Over time, the objectives of regional organizations and inter-governmental organizations can merge with the broader objectives of supranational organizations. The result is a web of international laws that are both horizontal and vertical in the application. It is here at the crossroads of the vertical and horizontal application of international law where organizations such as the FATF are born. So what exactly is FATF?
FATF: An Overview
The FATF was set up in 1989 as an inter-governmental organization pursuant to a G-7 Summit held in Paris. The FATF does not have a “tightly defined Constitution” that prescribes its working. However, FATF has pre-defined objectives and rules that regulate its working. These have been developed over the course of the past 30 years.

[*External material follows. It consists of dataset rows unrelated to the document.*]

lemma sample_count_ge:
  fixes N :: nat and y \<epsilon> :: real
  assumes "0 < y" "\<epsilon> \<le> y / 64" and eps: "3/32 * sqrt (1 / (8 * (real N + 1))) * y \<le> \<epsilon>"
  shows "1/2000 * y\<^sup>2 / \<epsilon>\<^sup>2 \<le> real N"
proof -
  have "0 < 3/32 * sqrt (1 / (8 * (real N + 1))) * y"
    using assms(1) by simp
  then have "0 < \<epsilon>"
    using eps by linarith
  have "(3/32 * sqrt (1 / (8 * (real N + 1))) * y)\<^sup>2 \<le> \<epsilon>\<^sup>2"
    using eps assms(1) by (intro power_mono) auto
  then have lower: "9/8192 * y\<^sup>2 \<le> (real N + 1) * \<epsilon>\<^sup>2"
    by (simp add: field_simps)
  have "\<epsilon>\<^sup>2 \<le> (y / 64)\<^sup>2"
    using assms(2) \<open>0 < \<epsilon>\<close> by (intro power_mono) auto
  then have "\<epsilon>\<^sup>2 \<le> y\<^sup>2 / 4096"
    by (simp add: power_divide)
  then have "(real N + 1) * \<epsilon>\<^sup>2 \<le> (real N + 1) * (y\<^sup>2 / 4096)"
    by (rule mult_left_mono) simp
  then have "9/8192 * y\<^sup>2 \<le> (real N + 1) * (y\<^sup>2 / 4096)"
    using lower by linarith
  then have "1 \<le> real N"
    using assms(1) by (simp add: field_simps)
  moreover have "0 \<le> real N * \<epsilon>\<^sup>2"
    by simp
  ultimately have "(real N + 1) * \<epsilon>\<^sup>2 \<le> 2 * (real N * \<epsilon>\<^sup>2)"
    by (simp add: mult_right_mono flip: mult.assoc)
  then have "y\<^sup>2 \<le> 2000 * (real N * \<epsilon>\<^sup>2)"
    using lower \<open>0 \<le> real N * \<epsilon>\<^sup>2\<close> by linarith
  then show ?thesis
    using \<open>0 < \<epsilon>\<close> by (simp add: field_simps)
qed

theorem lemma12:
  shows "\<exists>c>0. \<exists>c0>0. \<forall>L D s0 \<epsilon>. L > 0 \<longrightarrow> D > 0 \<longrightarrow> s0 \<ge> 0 \<longrightarrow> \<epsilon> > 0 \<longrightarrow>
      \<epsilon> \<le> c0 * L * D \<longrightarrow>
      (\<forall>(Q :: (real \<times> real) list \<Rightarrow> real) (Out :: (real \<times> real) list \<Rightarrow> real) (N :: nat).
         (\<forall>h. Out h \<in> Xset D) \<longrightarrow>
         (\<forall>t. in_class L D s0 t \<longrightarrow> eps_optimal Q Out N L D s0 t (dpar D t) \<epsilon>) \<longrightarrow>
         real N \<ge> c * L^2 * D^2 / \<epsilon>^2)"
proof -
  have "1/2000 * L^2 * D^2 / \<epsilon>^2 \<le> real N"
    if "0 < L" "0 < D" "0 \<le> s0" "\<epsilon> \<le> 1/64 * L * D" "\<forall>h. Out h \<in> Xset D"
      and "\<forall>t. in_class L D s0 t \<longrightarrow> eps_optimal Q Out N L D s0 t (dpar D t) \<epsilon>"
    for L D s0 \<epsilon> and Q Out :: "(real \<times> real) list \<Rightarrow> real" and N :: nat
  proof -
    define a where "a = 1 / (8 * (real N + 1))"
    have "(1 - a) ^ (N + 2) * (sqrt a * L * D / 8) \<le> \<epsilon>"
      using that by (intro solves_class_imp_eps_ge) (auto simp: a_def field_simps)
    moreover have "3/4 * (sqrt a * L * D / 8) \<le> (1 - a) ^ (N + 2) * (sqrt a * L * D / 8)"
      using one_minus_pow_ge_three_quarters[of N] that by (intro mult_right_mono) (auto simp: a_def)
    ultimately have "3/4 * (sqrt a * L * D / 8) \<le> \<epsilon>"
      by linarith
    then have "3/32 * sqrt a * (L * D) \<le> \<epsilon>"
      by (simp add: mult_ac)
    then show ?thesis
      using sample_count_ge[of "L * D" \<epsilon> N] that by (simp add: a_def power_mult_distrib)
  qed
  then show ?thesis
    by (intro exI[of _ "1/2000"] exI[of _ "1/64"] conjI) auto
qed

end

The FATF’s purpose is to develop and promote policies at international and national levels to target money laundering and terrorism financing. The FATF, in its own words, “works to generate the necessary political will to bring about national legislative and regulatory reforms in these areas.” The current FATF President is Marshall Billingslea, a US national and currently Assistant Undersecretary of US Treasury Department’s Office of Terrorist Financing and Financial Crimes.
Since 1990s, the FATF has established a series of recommendations that set out the basic framework for anti-money laundering (AML) and combatting terrorist financing (CFT). In 1990, the FATF issued 40 recommendations that list out a comprehensive plan of action for AML/CFT. In 2001, after the FATF’s mission was broadened to establish standards against terrorist financing, the FATF issued its eight special recommendations to deal with terrorist financing. These standards were revised in 2003 and a ninth recommendation was issued in 2004 which resulted in the 40+9 Recommendations. These recommendations are the FATF’s global AML/CFT standards.
FATF’s “Vertical” Crossover with UN
The FATF currently comprises 36-member countries and two regional organizations (GCC and the EC). Some prominent member countries in FATF (an elite club, no less) are US, Canada, China, Germany, France, Russia, UK, India and Israel. Indonesia and Saudi Arabia have observer status with the FATF.
Besides these member countries, nine regional organizations with an AML/CFT mandate are its associate members. This includes the Asia Pacific Group on Money Laundering (APG). Additionally, some prominent international organizations with AML/CFT mandate also have observer status with the FATF. These include the World Bank and the International Monetary Fund (IMF).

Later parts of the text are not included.